Assigned task>
Search the material below for lines containing the string "linarith", and copy every one you find.

Provided material>
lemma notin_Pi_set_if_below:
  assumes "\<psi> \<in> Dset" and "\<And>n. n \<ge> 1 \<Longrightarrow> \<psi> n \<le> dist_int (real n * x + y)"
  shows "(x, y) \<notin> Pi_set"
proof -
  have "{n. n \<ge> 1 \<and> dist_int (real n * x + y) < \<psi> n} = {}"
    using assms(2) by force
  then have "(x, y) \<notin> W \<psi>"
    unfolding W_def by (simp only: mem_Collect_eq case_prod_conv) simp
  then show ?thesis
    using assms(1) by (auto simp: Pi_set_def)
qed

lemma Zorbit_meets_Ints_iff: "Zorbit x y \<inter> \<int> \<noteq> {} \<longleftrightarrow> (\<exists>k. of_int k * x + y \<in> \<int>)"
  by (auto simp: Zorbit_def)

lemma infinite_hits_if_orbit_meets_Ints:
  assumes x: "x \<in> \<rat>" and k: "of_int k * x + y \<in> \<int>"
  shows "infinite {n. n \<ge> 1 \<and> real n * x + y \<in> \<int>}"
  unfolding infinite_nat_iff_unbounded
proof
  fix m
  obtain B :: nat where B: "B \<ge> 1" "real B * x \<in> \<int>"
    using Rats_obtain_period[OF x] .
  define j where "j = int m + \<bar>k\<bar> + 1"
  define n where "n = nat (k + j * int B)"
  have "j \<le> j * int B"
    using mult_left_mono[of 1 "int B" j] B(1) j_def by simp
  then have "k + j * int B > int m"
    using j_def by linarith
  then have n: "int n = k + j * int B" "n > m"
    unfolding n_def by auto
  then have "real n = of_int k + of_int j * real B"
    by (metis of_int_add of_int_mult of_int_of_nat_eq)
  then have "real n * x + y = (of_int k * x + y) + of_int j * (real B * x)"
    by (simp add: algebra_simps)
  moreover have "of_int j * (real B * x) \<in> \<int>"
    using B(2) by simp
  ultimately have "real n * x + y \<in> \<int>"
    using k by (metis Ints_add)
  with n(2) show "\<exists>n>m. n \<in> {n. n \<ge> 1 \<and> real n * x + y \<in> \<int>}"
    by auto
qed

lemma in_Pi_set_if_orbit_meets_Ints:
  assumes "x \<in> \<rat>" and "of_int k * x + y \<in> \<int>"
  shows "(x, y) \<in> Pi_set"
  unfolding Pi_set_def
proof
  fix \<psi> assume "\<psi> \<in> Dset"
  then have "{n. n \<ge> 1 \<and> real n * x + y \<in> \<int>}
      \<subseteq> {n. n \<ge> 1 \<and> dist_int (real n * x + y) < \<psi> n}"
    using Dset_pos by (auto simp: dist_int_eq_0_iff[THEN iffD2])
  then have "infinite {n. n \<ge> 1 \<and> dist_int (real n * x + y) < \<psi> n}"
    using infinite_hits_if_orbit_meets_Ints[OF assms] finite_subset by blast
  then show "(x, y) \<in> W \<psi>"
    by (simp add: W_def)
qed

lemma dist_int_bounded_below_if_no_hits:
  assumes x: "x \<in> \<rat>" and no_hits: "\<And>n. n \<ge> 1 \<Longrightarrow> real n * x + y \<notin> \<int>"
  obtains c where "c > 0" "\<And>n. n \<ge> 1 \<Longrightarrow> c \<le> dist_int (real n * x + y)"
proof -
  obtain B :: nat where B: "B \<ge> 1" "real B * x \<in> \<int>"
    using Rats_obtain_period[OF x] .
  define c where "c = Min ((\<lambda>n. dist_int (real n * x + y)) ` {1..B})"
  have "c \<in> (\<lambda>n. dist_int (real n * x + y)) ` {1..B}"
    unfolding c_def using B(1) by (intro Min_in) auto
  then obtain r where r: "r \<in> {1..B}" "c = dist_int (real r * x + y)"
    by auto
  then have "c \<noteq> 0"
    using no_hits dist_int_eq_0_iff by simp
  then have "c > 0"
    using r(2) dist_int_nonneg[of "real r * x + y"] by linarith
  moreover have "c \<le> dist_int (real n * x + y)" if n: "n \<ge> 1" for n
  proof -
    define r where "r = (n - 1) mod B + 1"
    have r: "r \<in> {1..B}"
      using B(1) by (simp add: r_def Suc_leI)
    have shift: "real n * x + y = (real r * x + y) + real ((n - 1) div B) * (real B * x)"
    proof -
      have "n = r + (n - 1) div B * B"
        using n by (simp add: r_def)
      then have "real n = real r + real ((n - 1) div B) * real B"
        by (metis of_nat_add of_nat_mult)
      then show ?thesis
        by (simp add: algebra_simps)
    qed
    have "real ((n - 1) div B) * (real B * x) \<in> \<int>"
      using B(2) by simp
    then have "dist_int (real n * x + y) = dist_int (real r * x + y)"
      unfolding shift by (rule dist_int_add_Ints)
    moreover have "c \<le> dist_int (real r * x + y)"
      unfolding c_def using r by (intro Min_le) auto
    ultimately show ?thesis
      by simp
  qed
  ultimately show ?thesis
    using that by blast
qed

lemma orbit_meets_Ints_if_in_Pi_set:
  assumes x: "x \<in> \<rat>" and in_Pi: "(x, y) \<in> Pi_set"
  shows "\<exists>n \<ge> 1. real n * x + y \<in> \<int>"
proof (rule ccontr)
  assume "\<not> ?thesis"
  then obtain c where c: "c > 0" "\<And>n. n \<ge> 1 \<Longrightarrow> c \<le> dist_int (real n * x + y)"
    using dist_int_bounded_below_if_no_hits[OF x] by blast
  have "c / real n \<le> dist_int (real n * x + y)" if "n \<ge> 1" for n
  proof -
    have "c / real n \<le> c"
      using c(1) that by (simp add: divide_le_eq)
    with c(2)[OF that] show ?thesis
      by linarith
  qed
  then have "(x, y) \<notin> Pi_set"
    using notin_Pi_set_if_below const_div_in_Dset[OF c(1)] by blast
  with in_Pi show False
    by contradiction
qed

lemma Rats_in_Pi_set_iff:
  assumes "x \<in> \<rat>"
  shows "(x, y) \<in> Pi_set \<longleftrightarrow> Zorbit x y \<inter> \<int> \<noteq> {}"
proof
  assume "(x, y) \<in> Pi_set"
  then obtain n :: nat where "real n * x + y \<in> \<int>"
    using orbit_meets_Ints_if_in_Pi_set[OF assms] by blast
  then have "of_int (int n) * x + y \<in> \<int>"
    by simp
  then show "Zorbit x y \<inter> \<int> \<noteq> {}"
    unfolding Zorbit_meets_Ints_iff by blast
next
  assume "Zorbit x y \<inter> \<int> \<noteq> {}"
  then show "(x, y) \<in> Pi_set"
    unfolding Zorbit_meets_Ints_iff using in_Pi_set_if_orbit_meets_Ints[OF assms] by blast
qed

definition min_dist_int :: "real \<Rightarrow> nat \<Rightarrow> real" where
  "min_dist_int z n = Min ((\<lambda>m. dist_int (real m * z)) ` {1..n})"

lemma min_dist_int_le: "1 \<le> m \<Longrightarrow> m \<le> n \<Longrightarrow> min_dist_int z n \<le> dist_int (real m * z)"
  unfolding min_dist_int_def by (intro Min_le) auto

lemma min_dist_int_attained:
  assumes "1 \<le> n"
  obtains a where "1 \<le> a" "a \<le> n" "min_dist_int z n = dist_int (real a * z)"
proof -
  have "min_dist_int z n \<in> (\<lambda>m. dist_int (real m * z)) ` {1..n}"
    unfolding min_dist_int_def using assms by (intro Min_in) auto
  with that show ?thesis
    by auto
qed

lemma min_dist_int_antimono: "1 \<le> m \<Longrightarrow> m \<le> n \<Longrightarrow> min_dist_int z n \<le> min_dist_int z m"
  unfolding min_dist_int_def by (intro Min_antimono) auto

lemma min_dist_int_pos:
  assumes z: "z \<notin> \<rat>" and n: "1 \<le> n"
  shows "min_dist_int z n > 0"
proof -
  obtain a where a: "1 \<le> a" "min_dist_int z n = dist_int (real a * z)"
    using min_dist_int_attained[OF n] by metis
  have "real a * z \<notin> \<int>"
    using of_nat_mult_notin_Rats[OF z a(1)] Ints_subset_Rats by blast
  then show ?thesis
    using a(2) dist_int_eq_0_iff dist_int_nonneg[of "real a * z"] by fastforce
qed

Exercise response>
    using j_def by linarith
    using r(2) dist_int_nonneg[of "real r * x + y"] by linarith
      by linarith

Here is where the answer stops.